-- Work order --
Return only the lines of the listing below that run from the line with "H. \<forall>v2\<in>verts H." through the line with "define a where", both ends included, exactly as written.

#####

text \<open>If p is of exact order T^n (up to positive constants), then p and T^n have the same
  exponent with respect to s: constant factors are invisible after dividing by log s.\<close>
lemma diversity_order_sandwich:
  fixes p T :: "real \<Rightarrow> real" and b c C L :: real and n :: nat
  assumes b: "1 < b" and c: "0 < c" and C: "0 < C"
    and bounds: "eventually (\<lambda>s. 0 < T s \<and> c * T s ^ n \<le> p s \<and> p s \<le> C * T s ^ n) at_top"
    and exponent: "((\<lambda>s. - real n * ln (T s) / ln s) \<longlongrightarrow> L) at_top"
  shows "((\<lambda>s. - log b (p s) / log b s) \<longlongrightarrow> L) at_top"
proof (rule tendsto_sandwich)
  have const_vanishes: "((\<lambda>s. a / ln s) \<longlongrightarrow> 0) at_top" for a :: real
    by (intro tendsto_divide_0[OF tendsto_const] filterlim_at_top_imp_at_infinity ln_at_top)
  show "((\<lambda>s. - ln C / ln s + - real n * ln (T s) / ln s) \<longlongrightarrow> L) at_top"
    using tendsto_add[OF const_vanishes[of "- ln C"] exponent] by simp
  show "((\<lambda>s. - ln c / ln s + - real n * ln (T s) / ln s) \<longlongrightarrow> L) at_top"
    using tendsto_add[OF const_vanishes[of "- ln c"] exponent] by simp
  have "eventually (\<lambda>s. 1 < s \<and> 0 < T s \<and> c * T s ^ n \<le> p s \<and> p s \<le> C * T s ^ n) at_top"
    using eventually_conj[OF eventually_gt_at_top[of 1] bounds] .
  moreover have "- ln C / ln s + - real n * ln (T s) / ln s \<le> - log b (p s) / log b s
      \<and> - log b (p s) / log b s \<le> - ln c / ln s + - real n * ln (T s) / ln s"
    if s: "1 < s" and T: "0 < T s" and lower: "c * T s ^ n \<le> p s" and upper: "p s \<le> C * T s ^ n"
    for s
  proof -
    have "0 < c * T s ^ n" using c T by simp
    hence p: "0 < p s" using lower by linarith
    have "ln (p s) \<le> ln (C * T s ^ n)" using upper p by simp
    hence ln_upper: "ln (p s) \<le> ln C + real n * ln (T s)" using C T by (simp add: ln_mult ln_realpow)
    have "ln (c * T s ^ n) \<le> ln (p s)" using lower p c T by simp
    hence ln_lower: "ln c + real n * ln (T s) \<le> ln (p s)" using c T by (simp add: ln_mult ln_realpow)
    have log_to_ln: "- log b (p s) / log b s = - ln (p s) / ln s"
      using b by (simp add: log_def field_simps)
    have ln_s: "0 < ln s" using s by simp
    have "(- ln C - real n * ln (T s)) / ln s \<le> - ln (p s) / ln s"
      using ln_s ln_upper by (intro divide_right_mono) auto
    moreover have "- ln (p s) / ln s \<le> (- ln c - real n * ln (T s)) / ln s"
      using ln_s ln_lower by (intro divide_right_mono) auto
    ultimately show ?thesis unfolding log_to_ln by (simp add: diff_divide_distrib)
  qed
  ultimately show "eventually (\<lambda>s. - ln C / ln s + - real n * ln (T s) / ln s \<le> - log b (p s) / log b s) at_top"
    and "eventually (\<lambda>s. - log b (p s) / log b s \<le> - ln c / ln s + - real n * ln (T s) / ln s) at_top"
    by (auto elim!: eventually_mono)
qed
lemma thin_portals:
  fixes \<epsilon> :: real
  assumes G: "ugraph G" and Q: "shortest_path G Q" and "u \<in> verts H"
    and dom: "\<forall>v1\<in>verts H. \<forall>v2\<in>verts H. gdist H v1 v2 \<ge> gdist G v1 v2"
    and "verts H \<inter> set Q \<noteq> {}" "\<epsilon> > 0"
  shows "\<exists>P\<subseteq>verts H \<inter> set Q. card P \<le> 4 * (1 + 1 / \<epsilon>) \<and>
    (\<forall>v\<in>set Q. \<forall>s\<in>verts H \<inter> set Q. \<exists>p\<in>P. gdist H u p + ennreal (path_dist G Q p v)
       \<le> ennreal (1 + \<epsilon>) * (gdist H u s + ennreal (path_dist G Q s v)))"
    (is "\<exists>P\<subseteq>?S. _ \<and> (\<forall>v\<in>_. \<forall>s\<in>_. \<exists>p\<in>P. ?cost p v \<le> _ * ?cost s v)")
proof -
  \<comment> \<open>Only portals at finite distance from u need to be matched; for the others the bound is \<open>\<infinity>\<close>.\<close>
  define S' where "S' = {s\<in>?S. gdist H u s \<noteq> \<infinity>}"
  define a where "a s = enn2real (gdist H u s)" for s
  define x where "x = path_pos G Q"
  have Q': "is_walk G Q" "distinct Q"
    using Q unfolding shortest_path_def by auto
  have cost: "?cost s v = ennreal (a s + \<bar>x s - x v\<bar>)" if "s \<in> S'" "v \<in> set Q" for s v
    using that path_dist_eq_abs[OF G Q', of s v] unfolding S'_def a_def x_def
    by (auto simp: ennreal_plus less_top)
  have top: "ennreal (1 + \<epsilon>) * ?cost s v = \<infinity>" if "s \<in> ?S - S'" for s v
    using that \<open>\<epsilon> > 0\<close> unfolding S'_def by (simp add: ennreal_mult_top)
  show ?thesis
  proof (cases "S' = {}")
    case True
    obtain s\<^sub>0 where "s\<^sub>0 \<in> ?S"
      using \<open>?S \<noteq> {}\<close> by blast
    then show ?thesis
      using top True \<open>\<epsilon> > 0\<close> by (intro exI[of _ "{s\<^sub>0}"]) auto
  next
    case False
    have "\<bar>x v - x v'\<bar> \<le> (a s + \<bar>x s - x v\<bar>) + (a s' + \<bar>x s' - x v'\<bar>)"
      if "v \<in> set Q" "v' \<in> set Q" "s \<in> S'" "s' \<in> S'" for v v' s s'
    proof -
      have "ennreal \<bar>x v - x v'\<bar> \<le> ennreal ((a s + \<bar>x s - x v\<bar>) + (a s' + \<bar>x s' - x v'\<bar>))"
        using path_dist_le_portal_costs[OF G Q dom \<open>u \<in> verts H\<close>, of s s' v v'] that
          path_dist_eq_abs[OF G Q' that(1,2)] cost[of s v] cost[of s' v']
        unfolding S'_def a_def x_def by (simp add: ennreal_plus)
      then show ?thesis
        by (subst (asm) ennreal_le_iff) (auto simp: a_def)
    qed
    then obtain P where P: "P \<subseteq> S'" "card P \<le> 4 * (1 + 1 / \<epsilon>)"
      "\<forall>v\<in>set Q. \<forall>s\<in>S'. \<exists>p\<in>P. a p + \<bar>x p - x v\<bar> \<le> (1 + \<epsilon>) * (a s + \<bar>x s - x v\<bar>)"
      using thin_portals_on_line[of S' "set Q" \<epsilon> x a x] False \<open>\<epsilon> > 0\<close> unfolding S'_def by auto
    have near: "\<exists>p\<in>P. ?cost p v \<le> ennreal (1 + \<epsilon>) * ?cost s v" if vs: "v \<in> set Q" "s \<in> S'" for v s
    proof -
      obtain p where p: "p \<in> P" "a p + \<bar>x p - x v\<bar> \<le> (1 + \<epsilon>) * (a s + \<bar>x s - x v\<bar>)"
        using P(3) vs by blast
      have "?cost p v = ennreal (a p + \<bar>x p - x v\<bar>)"
        using cost P(1) p(1) vs(1) by blast
      also have "\<dots> \<le> ennreal ((1 + \<epsilon>) * (a s + \<bar>x s - x v\<bar>))"
        using p(2) by (rule ennreal_leI)
      also have "\<dots> = ennreal (1 + \<epsilon>) * ?cost s v"
        using cost[OF vs(2,1)] \<open>\<epsilon> > 0\<close> by (simp add: ennreal_mult a_def)
      finally show ?thesis
        using p(1) by blast
    qed
    have "hd Q \<in> set Q"
      using Q' by (simp add: is_walk_def)
    then have "P \<noteq> {}"
      using near False by blast
    show ?thesis
    proof (intro exI[of _ P] conjI ballI)
      show "P \<subseteq> ?S" "card P \<le> 4 * (1 + 1 / \<epsilon>)"
        using P(1,2) unfolding S'_def by auto
      fix v s
      assume "v \<in> set Q" "s \<in> ?S"
      then show "\<exists>p\<in>P. ?cost p v \<le> ennreal (1 + \<epsilon>) * ?cost s v"
        using near[of v s] top[of s v] \<open>P \<noteq> {}\<close> by (cases "s \<in> S'") auto
    qed
  qed
qed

#####

-- Solution to this exercise --
    and dom: "\<forall>v1\<in>verts H. \<forall>v2\<in>verts H. gdist H v1 v2 \<ge> gdist G v1 v2"
    and "verts H \<inter> set Q \<noteq> {}" "\<epsilon> > 0"
  shows "\<exists>P\<subseteq>verts H \<inter> set Q. card P \<le> 4 * (1 + 1 / \<epsilon>) \<and>
    (\<forall>v\<in>set Q. \<forall>s\<in>verts H \<inter> set Q. \<exists>p\<in>P. gdist H u p + ennreal (path_dist G Q p v)
       \<le> ennreal (1 + \<epsilon>) * (gdist H u s + ennreal (path_dist G Q s v)))"
    (is "\<exists>P\<subseteq>?S. _ \<and> (\<forall>v\<in>_. \<forall>s\<in>_. \<exists>p\<in>P. ?cost p v \<le> _ * ?cost s v)")
proof -
  \<comment> \<open>Only portals at finite distance from u need to be matched; for the others the bound is \<open>\<infinity>\<close>.\<close>
  define S' where "S' = {s\<in>?S. gdist H u s \<noteq> \<infinity>}"
  define a where "a s = enn2real (gdist H u s)" for s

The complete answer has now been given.